Tips for on Screen Image Color to Match Printed Color

In today’s fast paced environment, we’re looking for the images on our monitors to look exactly the same when they are printed. However sometimes what we see in its printed form can look extremely different; lighter, darker, grainy, and awful! So, how can we ensure that what we see on the screen is what we see in print? Here are some tips to help close this gap.

  1. Calibrate your monitor. The quick way to do this is with a calibration program that your operating system offers. I use Windows so I would go to the Control Panel > Display > Calibrate color. This isn’t fail proof, but a good first effort. By the way, some people recommend that you let your monitor warm up for at least 30 minutes before calibrating.

  2. Purchase an automated tool for monitor calibration. Do an online search for “monitor calibration tool” and you will find loads of options in as many price ranges. Typically these systems have a hardware device that is placed on your monitor. The sensor on the device measures a set of color patches to determine the limits of the monitor’s color display capability. The included software uses the sensor’s findings to calibrate your monitor.
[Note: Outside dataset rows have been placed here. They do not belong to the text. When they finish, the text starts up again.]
lemma simple_graph_edgeE:
  assumes "simple_graph V E" "e \<in> E"
  obtains a b where "a \<noteq> b" "e = {a, b}" "a \<in> V" "b \<in> V"
proof -
  have "card e = 2" "e \<subseteq> V" using assms by (auto simp: simple_graph_def)
  then show ?thesis using that by (auto simp: card_2_iff)
qed

lemma independent_set_iff:
  assumes "simple_graph V E"
  shows "independent_set V E I \<longleftrightarrow> I \<subseteq> V \<and> (\<forall>a\<in>I. \<forall>b\<in>I. {a, b} \<notin> E)"
proof
  assume "I \<subseteq> V \<and> (\<forall>a\<in>I. \<forall>b\<in>I. {a, b} \<notin> E)"
  moreover have "\<not> e \<subseteq> I" if "e \<in> E" "\<forall>a\<in>I. \<forall>b\<in>I. {a, b} \<notin> E" for e
    using simple_graph_edgeE[OF assms \<open>e \<in> E\<close>] that by (metis insert_subset)
  ultimately show "independent_set V E I" by (auto simp: independent_set_def)
qed (auto simp: independent_set_def)

lemma independent_set_singleton:
  "simple_graph V E \<Longrightarrow> v \<in> V \<Longrightarrow> independent_set V E {v}"
  by (auto simp: independent_set_iff simple_graph_def)

lemma independent_set_empty: "simple_graph V E \<Longrightarrow> independent_set V E {}"
  by (auto simp: independent_set_def simple_graph_def)

lemma finite_independent_sets: "finite V \<Longrightarrow> finite {I. independent_set V E I}"
  by (rule finite_subset[of _ "Pow V"]) (auto simp: independent_set_def)

lemma min_degree_geD:
  "min_degree_ge V E d \<Longrightarrow> v \<in> V \<Longrightarrow> d \<le> card {u. {u, v} \<in> E}"
  by (simp add: min_degree_ge_def degree_def)

lemma maximum_independent_set_exists:
  assumes "simple_graph V E"
  obtains S
  where "independent_set V E S" "\<And>I. independent_set V E I \<Longrightarrow> card I \<le> card S"
proof -
  let ?\<I> = "{I. independent_set V E I}"
  have fin: "finite (card ` ?\<I>)"
    using assms by (simp add: simple_graph_def finite_independent_sets)
  have "{} \<in> ?\<I>"
    using assms independent_set_empty by simp
  with fin have "Max (card ` ?\<I>) \<in> card ` ?\<I>" by (intro Max_in) auto
  then obtain S where "S \<in> ?\<I>" "card S = Max (card ` ?\<I>)" by auto
  then show ?thesis using that Max_ge[OF fin] by simp
qed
  3. Check the photo editing/scrapbooking software you use to see if it has additional settings/tools to help match monitor color to printed color. Some programs have a “no color management” setting. This setting is mostly to benefit pre-press operators (those in a professional printing environment). Try using the software with it turned off and see if that helps.

  4. While we’re thinking about photo editing, the more you crop and edit, the more pixilated your image can become. Cropping close reduces file size and pixel count. And if you sharpen your images, that can contribute to graininess, especially after cropping. Minimize editing to maximize printing.

  5. You may also want to keep in mind the brightness setting on the monitor and other outside lighting. Glare caused by lamps or natural light can affect how you see images on the screen.

  6. If all else fails, print an image, hold it up to your monitor and manually change the color/contrast settings.

The goal for calibrating your screen is for your printed photo to look very close to how it looked on your computer screen. Once you have your system set up the way you like, plan on re-calibrating every 2-4 weeks.